The above equality holds $\begin{aligned}
&\sum_{g \in G} \beta(g)*[p][i] L[p][q] \alpha(g)[q][j] = 0[i][j] \\
&\sum_{g \in G} \beta(g)*[p][i] \delta[p][r] \delta[q][c] \alpha(g)[q][j] = 0[i][j] \\
&\sum_{g \in G} \beta(g)*[r][i] \alpha(g)[s][j] = 0[i][j] = 0\\
\end{aligned}$

This tells that we can choose any index $[r, i]$ and index $[i, j]$ and these will be orthogonal,
when viewed as vectors "along" the set of matrices.
If the representation is a one-dimensional representation/character, then we have no freedom
in indexing, and the above becomes:
$\begin{aligned}
&\sum_{g \in G} \beta(g)* \alpha(g) = 0[i][j] = 0
\end{aligned}$

Thus, different characters are all orthogonal.
- The matrix for the identity element is the identity matrix, and the size of the matrix is the size of the vector space, which is $|G|$ since there's a basis vector for each element of $G$. Thus, $r_G(1) = |G|$.
- For any other element $g \in G$, the regular representation will be a permutation matrix with no fixed points.
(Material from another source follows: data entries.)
text \<open>Adding the vertices of X in decreasing
  order of a, every prefix expands, so the number of new neighbours is on average
  (1 - eps) d, each charged the value of the vertex that reached it first.  The
  correction term with a lower bound mu of a on X makes the induction go through.\<close>
lemma max_weight_greedy_bound:
  fixes a :: "nat \<Rightarrow> real"
  assumes ue: "unbalanced_expander n m E d K \<epsilon>" and fX: "finite X"
  shows "X \<subseteq> {1..n} \<Longrightarrow> card X \<le> K \<Longrightarrow> \<forall>x\<in>X. \<mu> \<le> a x \<Longrightarrow>
    (1 - \<epsilon>) * d * sum a X - \<mu> * ((1 - \<epsilon>) * d * card X - card (neighbours E X))
      \<le> max_weight E a X"
  using fX
proof (induction arbitrary: \<mu> rule: finite_ranking_induct[where f = "\<lambda>x. - a x"])
  case empty
  then show ?case by (simp add: max_weight_def neighbours_def)
next
  case (insert x X)
  show ?case
  proof (cases "x \<in> X")
    case True
    then show ?thesis using insert by (simp add: insert_absorb)
  next
    case False
    have x_min: "\<forall>y\<in>X. a x \<le> a y" using insert.hyps(2) by force
    have card_ins: "card (insert x X) = card X + 1" using False insert.hyps(1) by simp
    have IH: "(1 - \<epsilon>) * d * sum a X - a x * ((1 - \<epsilon>) * d * card X - card (neighbours E X))
        \<le> max_weight E a X"
      by (rule insert.IH) (use insert.prems card_ins x_min in auto)
    have step: "max_weight E a (insert x X) = max_weight E a X
        + a x * (real (card (neighbours E (insert x X))) - real (card (neighbours E X)))"
      by (rule max_weight_insert_min[OF expander_edges[OF ue] insert.hyps(1) x_min])
    define s where "s = (1 - \<epsilon>) * d * card (insert x X) - real (card (neighbours E (insert x X)))"
    have "s \<le> 0" unfolding s_def using expander_expansion[OF ue insert.prems(1,2)] by simp
    then have "(a x - \<mu>) * s \<le> 0"
      using insert.prems(3) by (simp add: mult_nonneg_nonpos)
    moreover have "max_weight E a (insert x X)
        - ((1 - \<epsilon>) * d * (sum a X + a x) - \<mu> * s)
        = (max_weight E a X
            - ((1 - \<epsilon>) * d * sum a X - a x * ((1 - \<epsilon>) * d * card X - card (neighbours E X))))
          - (a x - \<mu>) * s"
      unfolding step s_def card_ins by (simp add: algebra_simps)
    moreover have "sum a (insert x X) = sum a X + a x" using False insert.hyps(1) by simp
    ultimately show ?thesis using IH unfolding s_def by simp
  qed
qed

lemma max_weight_lower_bound:
  fixes a :: "nat \<Rightarrow> real"
  assumes "unbalanced_expander n m E d K \<epsilon>" "finite X" "X \<subseteq> {1..n}" "card X \<le> K"
    and "\<forall>x\<in>X. 0 \<le> a x"
  shows "(1 - \<epsilon>) * d * sum a X \<le> max_weight E a X"
  using max_weight_greedy_bound[OF assms(1,2,3,4), of 0] assms(5) by simp

definition overlap :: "(nat \<times> nat) set \<Rightarrow> nat set \<Rightarrow> nat \<Rightarrow> real" where
  "overlap E T i = real (card (neighbours E {i} \<inter> neighbours E T))"

text \<open>In a (2k, eps)-expander, k vertices outside a k-set S0 have total overlap with
  S0 at most 2 eps d k: otherwise S0 together with them would have too few
  neighbours.\<close>
lemma overlap_block_bound:
  assumes ue: "unbalanced_expander n m E d (2 * k) \<epsilon>" and eps: "0 \<le> \<epsilon>"
    and S0: "S0 \<subseteq> {1..n}" "card S0 = k"
    and X: "X \<subseteq> {1..n} - S0" "card X \<le> k"
  shows "sum (overlap E S0) X \<le> 2 * \<epsilon> * d * k"
proof -
  have fE: "E \<subseteq> {1..n} \<times> {1..m}" by (rule expander_edges[OF ue])
  have fX: "finite X" and fS0: "finite S0"
    using X(1) S0(1) finite_subset by (blast, blast)
  define NS where "NS = neighbours E S0"
  have fNS: "finite NS" unfolding NS_def by (rule finite_neighbours[OF fE])
  have overlap_eq: "overlap E S0 i = d - real (card (neighbours E {i} - NS))" if "i \<in> X" for i
  proof -
    have "card (neighbours E {i}) = d" using expander_degree[OF ue] that X(1) by blast
    moreover have "card (neighbours E {i}) = card (neighbours E {i} \<inter> NS) + card (neighbours E {i} - NS)"
      using finite_neighbours[OF fE] by (metis card_Int_Diff)
    ultimately show ?thesis unfolding overlap_def NS_def by simp
  qed
  have new_nbrs: "card (neighbours E X - NS) \<le> (\<Sum>i\<in>X. card (neighbours E {i} - NS))"
  proof -
    have "neighbours E X - NS = (\<Union>i\<in>X. neighbours E {i} - NS)" by (auto simp: neighbours_def)
    then show ?thesis using card_UN_le[OF fX, of "\<lambda>i. neighbours E {i} - NS"] by (simp only:)
  qed
  have union_nbrs: "card (neighbours E (X \<union> S0)) = card (neighbours E X - NS) + card NS"
  proof -
    have "neighbours E (X \<union> S0) = (neighbours E X - NS) \<union> NS"
      unfolding NS_def neighbours_Un by blast
    moreover have "card ((neighbours E X - NS) \<union> NS) = card (neighbours E X - NS) + card NS"
      using fNS finite_neighbours[OF fE, of X] by (intro card_Un_disjoint) auto
    ultimately show ?thesis by (simp only:)
  qed
  have card_union: "card (X \<union> S0) = card X + k"
    using card_Un_disjoint[OF fX fS0] X(1) S0(2) by auto
  have expand: "(1 - \<epsilon>) * d * (card X + k) \<le> card (neighbours E X - NS) + card NS"
    using expander_expansion[OF ue, of "X \<union> S0"] X S0(1) card_union union_nbrs by auto
  have NS_le: "real (card NS) \<le> d * k"
    using card_neighbours_le[OF ue fS0 S0(1)] S0(2) unfolding NS_def
    by (metis of_nat_le_iff of_nat_mult)
  have "sum (overlap E S0) X = d * card X - (\<Sum>i\<in>X. real (card (neighbours E {i} - NS)))"
    using overlap_eq by (simp add: sum_subtractf mult.commute)
  also have "\<dots> \<le> real d * card X - card (neighbours E X - NS)"
    using new_nbrs by (simp add: of_nat_sum[symmetric] del: of_nat_sum)
  also have "\<dots> \<le> \<epsilon> * d * (card X + k)"
    using expand NS_le by (simp add: algebra_simps)
  also have "\<dots> \<le> \<epsilon> * d * (k + k)"
    using eps X(2) by (intro mult_left_mono) simp_all
  finally show ?thesis by simp
qed

lemma abs_le_half_sum_abs:
  fixes y :: "nat \<Rightarrow> real"
  assumes "finite R" "sum y R = 0" "i \<in> R"
  shows "2 * \<bar>y i\<bar> \<le> (\<Sum>i\<in>R. \<bar>y i\<bar>)"
proof -
  have "y i = - sum y (R - {i})" using sum.remove[OF assms(1,3), of y] assms(2) by simp
  then have "\<bar>y i\<bar> \<le> (\<Sum>i\<in>R - {i}. \<bar>y i\<bar>)" by (simp add: sum_abs)
  moreover have "(\<Sum>i\<in>R. \<bar>y i\<bar>) = \<bar>y i\<bar> + (\<Sum>i\<in>R - {i}. \<bar>y i\<bar>)"
    by (rule sum.remove[OF assms(1,3)])
  ultimately show ?thesis by simp
qed

text \<open>For y in the kernel of the adjacency matrix, the max weight of |y| on T is at
  most half the l1 mass of y on the rows N(T), since each row of the kernel
  equation sums to zero.\<close>
lemma max_weight_kernel_bound:
  fixes y :: "nat \<Rightarrow> real"
  assumes fE: "E \<subseteq> {1..n} \<times> {1..m}"
    and kernel: "\<forall>j\<in>{1..m}. (\<Sum>i=1..n. adj_matrix E j i * y i) = 0"
    and T: "T \<subseteq> {1..n}"
  shows "2 * max_weight E (\<lambda>i. \<bar>y i\<bar>) T
    \<le> (\<Sum>j\<in>neighbours E T. \<Sum>i\<in>{i\<in>{1..n}. (i, j) \<in> E}. \<bar>y i\<bar>)"
proof -
  have row: "2 * Max ((\<lambda>i. \<bar>y i\<bar>) ` {i\<in>T. (i, j) \<in> E}) \<le> (\<Sum>i\<in>{i\<in>{1..n}. (i, j) \<in> E}. \<bar>y i\<bar>)"
    if j: "j \<in> neighbours E T" for j
  proof -
    have "(\<Sum>i=1..n. if (i, j) \<in> E then y i else 0) = (\<Sum>i=1..n. adj_matrix E j i * y i)"
      by (intro sum.cong) (simp_all add: adj_matrix_def)
    also have "\<dots> = 0"
      using kernel neighbours_subset[OF fE] j by blast
    finally have "(\<Sum>i=1..n. if (i, j) \<in> E then y i else 0) = 0" .
    then have row_zero: "sum y {i\<in>{1..n}. (i, j) \<in> E} = 0"
      by (simp only: sum.inter_filter[OF finite_atLeastAtMost])
    define B where "B = {i\<in>T. (i, j) \<in> E}"
    have "finite B" using T finite_subset unfolding B_def by fastforce
    moreover have "B \<noteq> {}" using j unfolding B_def neighbours_def by auto
    ultimately have "Max ((\<lambda>i. \<bar>y i\<bar>) ` B) \<in> (\<lambda>i. \<bar>y i\<bar>) ` B" by simp
    then obtain i0 where i0: "i0 \<in> B" "\<bar>y i0\<bar> = Max ((\<lambda>i. \<bar>y i\<bar>) ` B)" by auto
    have "i0 \<in> {i\<in>{1..n}. (i, j) \<in> E}" using i0(1) T unfolding B_def by auto
    from abs_le_half_sum_abs[OF _ row_zero this] show ?thesis using i0(2) unfolding B_def by simp
  qed
  show ?thesis
    unfolding max_weight_def sum_distrib_left by (rule sum_mono) (rule row)
qed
Thus, the diagonal of the matrix is all zeros, and hence $r_G(g) = 0$.

$\begin{aligned}
& \langle r_G | \chi_\alpha \rangle = 1/|G| \sum_{g \in G} r_G(g)* \chi_\alpha(g) \\
&= 1/|G| (r_G(1) \cdot \chi_\alpha(1)) \\
&= 1/|G| (|G| \cdot 1) \\
&= 1
\end{aligned}$

Thus, the regular rep contains the other irreps, since the character of the regular rep has non-zero
inner product with irrep, and irrep characters are all orthogonal.